На сей раз они обменялись сигаретами – Алексей протянул брату «Яву», тот в ответ – синие «Прилуки».
– Слушай, ну, то, что мы встретились на нейтральной, так сказать, полосе, это…как писатель какой-то сочинил, как из фильма какого-то… Что-то у меня в голове вертится, а что, никак не поймаю…
– Шолохов, наверное, его рассказ «Родинка», там отец шашкой зарубил родного сына, Николку, и уже мертвого опознал его по родинке – выше щиколотки, размером с голубиное яйцо…А потом сунул себе в рот револьвер…
– Саш, забыл, что ты филолог, молодец, помнишь все прекрасно…
– Правда, война тогда была другая, гражданская, а у нас, черт бы ее побрал, гибридная… И чего вы только сюда полезли?
– Геополитика…
– К чертям собачьим такую геополитику… В селе ж соседи, дома у которых впритык, в дела внутрисемейные не вмешиваются, правда же? Мы бы сами у себя в доме разобрались…Знаешь, Лешка, я где-то вычитал, что даты рождения и смерти Лермонтова имеют для России роковое значение. Михаил Юрьевич родился в 1814-ом году, и через сто лет для России началась первая мировая война, еще через сто, в 2014-ом – эта вот, гибридная… Лермонтов погиб в 1841-ом году, и через сто лет, в 1941-ом началась Великая Отечественная… Дай Бог, чтоб в 2041-ом все было тихо и спокойно…
– Война… Кому война, а кому мать родна…
– Мой любимый Хемингуэй говорил: «Эта проститутка война…» Я понимаю, конечно, что он имел в виду, и все же не очень-то с ним согласен. Проститутки, по большому счету, это хорошие женщины, загнанные жизнью в глухой угол. Из тысячи девиц нетяжелого поведения лишь единицы, думаю, занимаются этим ремеслом по призванию.

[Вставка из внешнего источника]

(* Let $I$ be an increasing conditional indicator w.r.t. $\mathcal{H}$, and let $\rho_I$ and $\operatorname{Dom}\rho_I$ be as defined in the context. Then: (1) $\rho_I$ is an $\mathcal{H}$-conditional risk measure on $\operatorname{Dom}\rho_I$; (2) if $\mathbb{D}_I^+$ is $\mathcal{H}$-convex (for example if $I$ is conditionally convex), then $\rho_I$ is conditionally convex; (3) if $I$ is $\mathcal{H}$-positively homogeneous, then $\rho_I$ is conditionally positively homogeneous; (4) if $I$ is super-additive, then $\rho_I$ is sub-additive.
   Context: Let $(\Omega,\mathcal{F},\mathbb{P})$ be a probability space with $\mathcal{F}$ complete, and $\mathcal{H}\subseteq\mathcal{F}$ a complete sub-$\sigma$-algebra. $\overline{\mathbb{R}}=\mathbb{R}\cup\{\pm\infty\}$ with conventions $r\pm\infty=\pm\infty$, $\infty-\infty=0$, $\infty+\infty=\infty$, $0\times(\pm\infty)=0$; $\mathbb{L}^0(G,\mathcal{G})$ is the set of $\mathcal{G}$-measurable random variables a.s. valued in $G$. $\operatorname{ess\,sup}_{\mathcal{H}}\Gamma$ is the smallest $\mathcal{H}$-measurable random variable dominating all elements of a family $\Gamma$ a.s., $\operatorname{ess\,inf}_{\mathcal{H}}\Gamma=-\operatorname{ess\,sup}_{\mathcal{H}}(-\Gamma)$; $\operatorname{ess\,inf}\Gamma$ denotes the essential infimum (w.r.t. $\mathcal{F}$), with $\operatorname{ess\,inf}\emptyset=+\infty$. A conditional indicator w.r.t. $\mathcal{H}$ is a map $I:\mathbb{D}_I\to\mathbb{L}^0(\overline{\mathbb{R}},\mathcal{H})$, $0\in\mathbb{D}_I\subseteq\mathbb{L}^0(\overline{\mathbb{R}},\mathcal{F})$, with $I(X)\in[\operatorname{ess\,inf}_{\mathcal{H}}(X),\operatorname{ess\,sup}_{\mathcal{H}}(X)]$ a.s. and $\mathbb{D}_I+\mathbb{L}^0(\overline{\mathbb{R}},\mathcal{H})\subseteq\mathbb{D}_I$. Increasing: $X\le Y\Rightarrow I(X)\le I(Y)$. Set $\mathbb{D}_I^+=\{X\in\mathbb{D}_I:I(X)\ge0\}$, $\mathcal{M}_I(X)=(\mathbb{D}_I^+-X)\cap\mathbb{L}^0(\mathbb{R},\mathcal{H})$, $\rho_I(X)=\operatorname{ess\,inf}\mathcal{M}_I(X)$ for $X\in\mathbb{L}^0(\mathbb{R},\mathcal{F})$, and $\operatorname{Dom}\rho_I=\{X\in\mathbb{L}^0(\mathbb{R},\mathcal{F}):\mathcal{M}_I(X)\neq\emptyset\}$. A set $E$ is $\mathcal{H}$-convex if $\alpha X_1+(1-\alpha)X_2\in E$ for $X_1,X_2\in E$, $\alpha\in\mathbb{L}^0([0,1],\mathcal{H})$. $I$ is conditionally convex if $\mathbb{D}_I$ is $\mathcal{H}$-convex and $I(\alpha X+(1-\alpha)Y)\le\alpha I(X)+(1-\alpha)I(Y)$ for such $\alpha$; $I$ is $\mathcal{H}$-positively homogeneous if $\alpha\mathbb{D}_I\subseteq\mathbb{D}_I$ and $I(\alpha X)=\alpha I(X)$ for all $\alpha\in\mathbb{L}^0(\mathbb{R}_+,\mathcal{H})$; super-additive: $I(X+Y)\ge I(X)+I(Y)$. An $\mathcal{H}$-conditional risk measure on a set $\mathbb{D}\subseteq\mathbb{L}^0(\mathbb{R},\mathcal{F})$ with $0\in\mathbb{D}$, $\mathbb{D}+\mathbb{L}^0(\mathbb{R},\mathcal{H})\subseteq\mathbb{D}$, is a map $\rho:\mathbb{D}\to\mathbb{L}^0(\overline{\mathbb{R}},\mathcal{H})$ with $\rho(0)=0$, $\rho(X_1)\le\rho(X_2)$ whenever $X_1\ge X_2$, and $\rho(X+\alpha)=\rho(X)-\alpha$ for $\alpha\in\mathbb{L}^0(\mathbb{R},\mathcal{H})$. It is conditionally convex if its domain is $\mathcal{H}$-convex and $\rho(\alpha X_1+(1-\alpha)X_2)\le\alpha\rho(X_1)+(1-\alpha)\rho(X_2)$ for $\alpha\in\mathbb{L}^0([0,1],\mathcal{H})$; conditionally positively homogeneous if its domain is stable under multiplication by $\mathbb{L}^0(\mathbb{R}_+,\mathcal{H})$ and $\rho(\alpha X)=\alpha\rho(X)$ for such $\alpha$; sub-additive if $\rho(X+Y)\le\rho(X)+\rho(Y)$.
   Formalization: Part (2) omits the case of conditionally convex I, assuming only that $\mathbb{D}_I^+$ is $\mathcal{H}$-convex; super-additivity of I and sub-additivity of $\rho_I$ include closure of $\mathbb{D}_I$, respectively $\operatorname{Dom}\rho_I$, under addition. Apart from conventions, each condition added here is assumed in the paper as well or is needed for the statement above to hold. *)

theory Defs
  imports "HOL-Probability.Probability"
begin

text \<open>Isabelle's ereal addition has infinity + (- infinity) = infinity; the paper uses
  infinity - infinity = 0. All other cases agree (r +- infinity = +- infinity,
  infinity + infinity = infinity, 0 * (+- infinity) = 0 as for Isabelle's ereal times).\<close>

definition eplus :: "ereal \<Rightarrow> ereal \<Rightarrow> ereal" where
  "eplus a b = (if (a = \<infinity> \<and> b = -\<infinity>) \<or> (a = -\<infinity> \<and> b = \<infinity>) then 0 else a + b)"

definition eminus :: "ereal \<Rightarrow> ereal \<Rightarrow> ereal" where
  "eminus a b = eplus a (- b)"

definition rv_add :: "('a \<Rightarrow> ereal) \<Rightarrow> ('a \<Rightarrow> ereal) \<Rightarrow> 'a \<Rightarrow> ereal" where
  "rv_add X Y = (\<lambda>w. eplus (X w) (Y w))"

definition rv_sub :: "('a \<Rightarrow> ereal) \<Rightarrow> ('a \<Rightarrow> ereal) \<Rightarrow> 'a \<Rightarrow> ereal" where
  "rv_sub X Y = (\<lambda>w. eminus (X w) (Y w))"

definition rv_mul :: "('a \<Rightarrow> ereal) \<Rightarrow> ('a \<Rightarrow> ereal) \<Rightarrow> 'a \<Rightarrow> ereal" where
  "rv_mul A X = (\<lambda>w. A w * X w)"

definition rv_comb :: "('a \<Rightarrow> ereal) \<Rightarrow> ('a \<Rightarrow> ereal) \<Rightarrow> ('a \<Rightarrow> ereal) \<Rightarrow> 'a \<Rightarrow> ereal" where
  "rv_comb A X Y = rv_add (rv_mul A X) (rv_mul (\<lambda>w. 1 - A w) Y)"

definition ereal_reals :: "ereal set" where "ereal_reals = UNIV - {\<infinity>, -\<infinity>}"
definition ereal_unit :: "ereal set" where "ereal_unit = {0..1}"
definition ereal_nonneg_reals :: "ereal set" where "ereal_nonneg_reals = {0..<\<infinity>}"

definition L0 :: "'a measure \<Rightarrow> 'a measure \<Rightarrow> ereal set \<Rightarrow> ('a \<Rightarrow> ereal) set" where
  "L0 M N G = {X. X \<in> borel_measurable N \<and> (AE w in M. X w \<in> G)}"

definition ae_le :: "'a measure \<Rightarrow> ('a \<Rightarrow> ereal) \<Rightarrow> ('a \<Rightarrow> ereal) \<Rightarrow> bool" where
  "ae_le M X Y \<longleftrightarrow> (AE w in M. X w \<le> Y w)"

definition ae_eq :: "'a measure \<Rightarrow> ('a \<Rightarrow> ereal) \<Rightarrow> ('a \<Rightarrow> ereal) \<Rightarrow> bool" where
  "ae_eq M X Y \<longleftrightarrow> (AE w in M. X w = Y w)"

text \<open>A set of random variables is a set of a.s.-equivalence classes.\<close>
definition ae_closed :: "'a measure \<Rightarrow> ('a \<Rightarrow> ereal) set \<Rightarrow> bool" where
  "ae_closed M D \<longleftrightarrow> (\<forall>X\<in>D. \<forall>Y. Y \<in> borel_measurable M \<longrightarrow> ae_eq M X Y \<longrightarrow> Y \<in> D)"

definition is_ess_sup :: "'a measure \<Rightarrow> 'a measure \<Rightarrow> ('a \<Rightarrow> ereal) set \<Rightarrow> ('a \<Rightarrow> ereal) \<Rightarrow> bool" where
  "is_ess_sup M N G Y \<longleftrightarrow> Y \<in> borel_measurable N \<and> (\<forall>X\<in>G. ae_le M X Y) \<and>
     (\<forall>Z\<in>borel_measurable N. (\<forall>X\<in>G. ae_le M X Z) \<longrightarrow> ae_le M Y Z)"

definition ess_sup :: "'a measure \<Rightarrow> 'a measure \<Rightarrow> ('a \<Rightarrow> ereal) set \<Rightarrow> 'a \<Rightarrow> ereal" where
  "ess_sup M N G = (SOME Y. is_ess_sup M N G Y)"

definition ess_inf :: "'a measure \<Rightarrow> 'a measure \<Rightarrow> ('a \<Rightarrow> ereal) set \<Rightarrow> 'a \<Rightarrow> ereal" where
  "ess_inf M N G = (\<lambda>w. - ess_sup M N ((\<lambda>X w. - X w) ` G) w)"

definition H_convex :: "'a measure \<Rightarrow> 'a measure \<Rightarrow> ('a \<Rightarrow> ereal) set \<Rightarrow> bool" where
  "H_convex M H E \<longleftrightarrow> (\<forall>X1\<in>E. \<forall>X2\<in>E. \<forall>A\<in>L0 M H ereal_unit. rv_comb A X1 X2 \<in> E)"

definition cond_indicator ::
  "'a measure \<Rightarrow> 'a measure \<Rightarrow> ('a \<Rightarrow> ereal) set \<Rightarrow> (('a \<Rightarrow> ereal) \<Rightarrow> 'a \<Rightarrow> ereal) \<Rightarrow> bool" where
  "cond_indicator M H D I \<longleftrightarrow>
     D \<subseteq> L0 M M UNIV \<and> (\<lambda>_. 0) \<in> D \<and> ae_closed M D \<and>
     (\<forall>X\<in>D. \<forall>Y\<in>D. ae_eq M X Y \<longrightarrow> ae_eq M (I X) (I Y)) \<and>
     (\<forall>X\<in>D. I X \<in> L0 M H UNIV) \<and>
     (\<forall>X\<in>D. ae_le M (ess_inf M H {X}) (I X) \<and> ae_le M (I X) (ess_sup M H {X})) \<and>
     (\<forall>X\<in>D. \<forall>A\<in>L0 M H UNIV. rv_add X A \<in> D)"

definition increasing_indicator :: "'a measure \<Rightarrow> ('a \<Rightarrow> ereal) set \<Rightarrow> (('a \<Rightarrow> ereal) \<Rightarrow> 'a \<Rightarrow> ereal) \<Rightarrow> bool" where
  "increasing_indicator M D I \<longleftrightarrow> (\<forall>X\<in>D. \<forall>Y\<in>D. ae_le M X Y \<longrightarrow> ae_le M (I X) (I Y))"

definition pos_homogeneous_indicator ::
  "'a measure \<Rightarrow> 'a measure \<Rightarrow> ('a \<Rightarrow> ereal) set \<Rightarrow> (('a \<Rightarrow> ereal) \<Rightarrow> 'a \<Rightarrow> ereal) \<Rightarrow> bool" where
  "pos_homogeneous_indicator M H D I \<longleftrightarrow>
     (\<forall>A\<in>L0 M H ereal_nonneg_reals. \<forall>X\<in>D. rv_mul A X \<in> D \<and> ae_eq M (I (rv_mul A X)) (rv_mul A (I X)))"

definition superadditive_indicator :: "'a measure \<Rightarrow> ('a \<Rightarrow> ereal) set \<Rightarrow> (('a \<Rightarrow> ereal) \<Rightarrow> 'a \<Rightarrow> ereal) \<Rightarrow> bool" where
  "superadditive_indicator M D I \<longleftrightarrow>
     (\<forall>X\<in>D. \<forall>Y\<in>D. rv_add X Y \<in> D \<and> ae_le M (rv_add (I X) (I Y)) (I (rv_add X Y)))"

definition D_plus :: "'a measure \<Rightarrow> ('a \<Rightarrow> ereal) set \<Rightarrow> (('a \<Rightarrow> ereal) \<Rightarrow> 'a \<Rightarrow> ereal) \<Rightarrow> ('a \<Rightarrow> ereal) set" where
  "D_plus M D I = {X\<in>D. ae_le M (\<lambda>_. 0) (I X)}"

definition M_I :: "'a measure \<Rightarrow> 'a measure \<Rightarrow> ('a \<Rightarrow> ereal) set \<Rightarrow> (('a \<Rightarrow> ereal) \<Rightarrow> 'a \<Rightarrow> ereal)
    \<Rightarrow> ('a \<Rightarrow> ereal) \<Rightarrow> ('a \<Rightarrow> ereal) set" where
  "M_I M H D I X = {Z \<in> L0 M H ereal_reals. \<exists>Y\<in>D_plus M D I. ae_eq M Z (rv_sub Y X)}"

definition rho_I :: "'a measure \<Rightarrow> 'a measure \<Rightarrow> ('a \<Rightarrow> ereal) set \<Rightarrow> (('a \<Rightarrow> ereal) \<Rightarrow> 'a \<Rightarrow> ereal)
    \<Rightarrow> ('a \<Rightarrow> ereal) \<Rightarrow> 'a \<Rightarrow> ereal" where
  "rho_I M H D I X = ess_inf M M (M_I M H D I X)"

definition Dom_rho_I :: "'a measure \<Rightarrow> 'a measure \<Rightarrow> ('a \<Rightarrow> ereal) set \<Rightarrow> (('a \<Rightarrow> ereal) \<Rightarrow> 'a \<Rightarrow> ereal)
    \<Rightarrow> ('a \<Rightarrow> ereal) set" where
  "Dom_rho_I M H D I = {X \<in> L0 M M ereal_reals. M_I M H D I X \<noteq> {}}"

definition cond_risk_measure ::
  "'a measure \<Rightarrow> 'a measure \<Rightarrow> ('a \<Rightarrow> ereal) set \<Rightarrow> (('a \<Rightarrow> ereal) \<Rightarrow> 'a \<Rightarrow> ereal) \<Rightarrow> bool" where
  "cond_risk_measure M H D \<rho> \<longleftrightarrow>
     D \<subseteq> L0 M M ereal_reals \<and> (\<lambda>_. 0) \<in> D \<and> ae_closed M D \<and>
     (\<forall>X\<in>D. \<forall>A\<in>L0 M H ereal_reals. rv_add X A \<in> D) \<and>
     (\<forall>X\<in>D. \<rho> X \<in> L0 M H UNIV) \<and>
     ae_eq M (\<rho> (\<lambda>_. 0)) (\<lambda>_. 0) \<and>
     (\<forall>X1\<in>D. \<forall>X2\<in>D. ae_le M X2 X1 \<longrightarrow> ae_le M (\<rho> X1) (\<rho> X2)) \<and>
     (\<forall>X\<in>D. \<forall>A\<in>L0 M H ereal_reals. ae_eq M (\<rho> (rv_add X A)) (rv_sub (\<rho> X) A))"

definition cond_convex_rm ::
  "'a measure \<Rightarrow> 'a measure \<Rightarrow> ('a \<Rightarrow> ereal) set \<Rightarrow> (('a \<Rightarrow> ereal) \<Rightarrow> 'a \<Rightarrow> ereal) \<Rightarrow> bool" where
  "cond_convex_rm M H D \<rho> \<longleftrightarrow> H_convex M H D \<and>
     (\<forall>X1\<in>D. \<forall>X2\<in>D. \<forall>A\<in>L0 M H ereal_unit.
        ae_le M (\<rho> (rv_comb A X1 X2)) (rv_comb A (\<rho> X1) (\<rho> X2)))"

definition cond_pos_homogeneous_rm ::
  "'a measure \<Rightarrow> 'a measure \<Rightarrow> ('a \<Rightarrow> ereal) set \<Rightarrow> (('a \<Rightarrow> ereal) \<Rightarrow> 'a \<Rightarrow> ereal) \<Rightarrow> bool" where
  "cond_pos_homogeneous_rm M H D \<rho> \<longleftrightarrow>
     (\<forall>A\<in>L0 M H ereal_nonneg_reals. \<forall>X\<in>D. rv_mul A X \<in> D \<and> ae_eq M (\<rho> (rv_mul A X)) (rv_mul A (\<rho> X)))"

А все остальные мечтают встретить настоящую любовь, заиметь семью, родить детишек. Женщина – это прежде всего мать… Нет, Леша, война – это не проститутка, а самая настоящая сволочь. Самая настоящая подлянка… Она состоит из двух «или»: или ты убей врага, или он убьет тебя. Иной альтернативы нет…
Где-то совсем рядом тренькнула синичка или какая-то другая пичуга. Еще сильнее запахло грибами, осенним увяданием, сырой землей.
– По третьей, по последней? Бог троицу любит, – и они по-прежнему угостили друг друга сигаретами.
– Слышь, Санчес, видишь ту усохшую березу? И дальше, дальше за ней, левее, левее? Там не ходи, там растяжка на растяжке, Боже, как мы все-таки испоганили эту землю, не один десяток лет понадобится, чтобы очистить ее от притаившейся смерти… И еще, выдам, так и быть, тебе еще один секрет – особо там у себя не высовывайся. Недавно к нам прибыл снайпер, стреляет очень метко…
– Да я, Лешка, и так знаю… Три дня назад он завалил нашего побратима, Володьку из Мариуполя, пуля попала в прямо в лоб…
– Такая у снайпера работа, Санчес… Кто на что учился…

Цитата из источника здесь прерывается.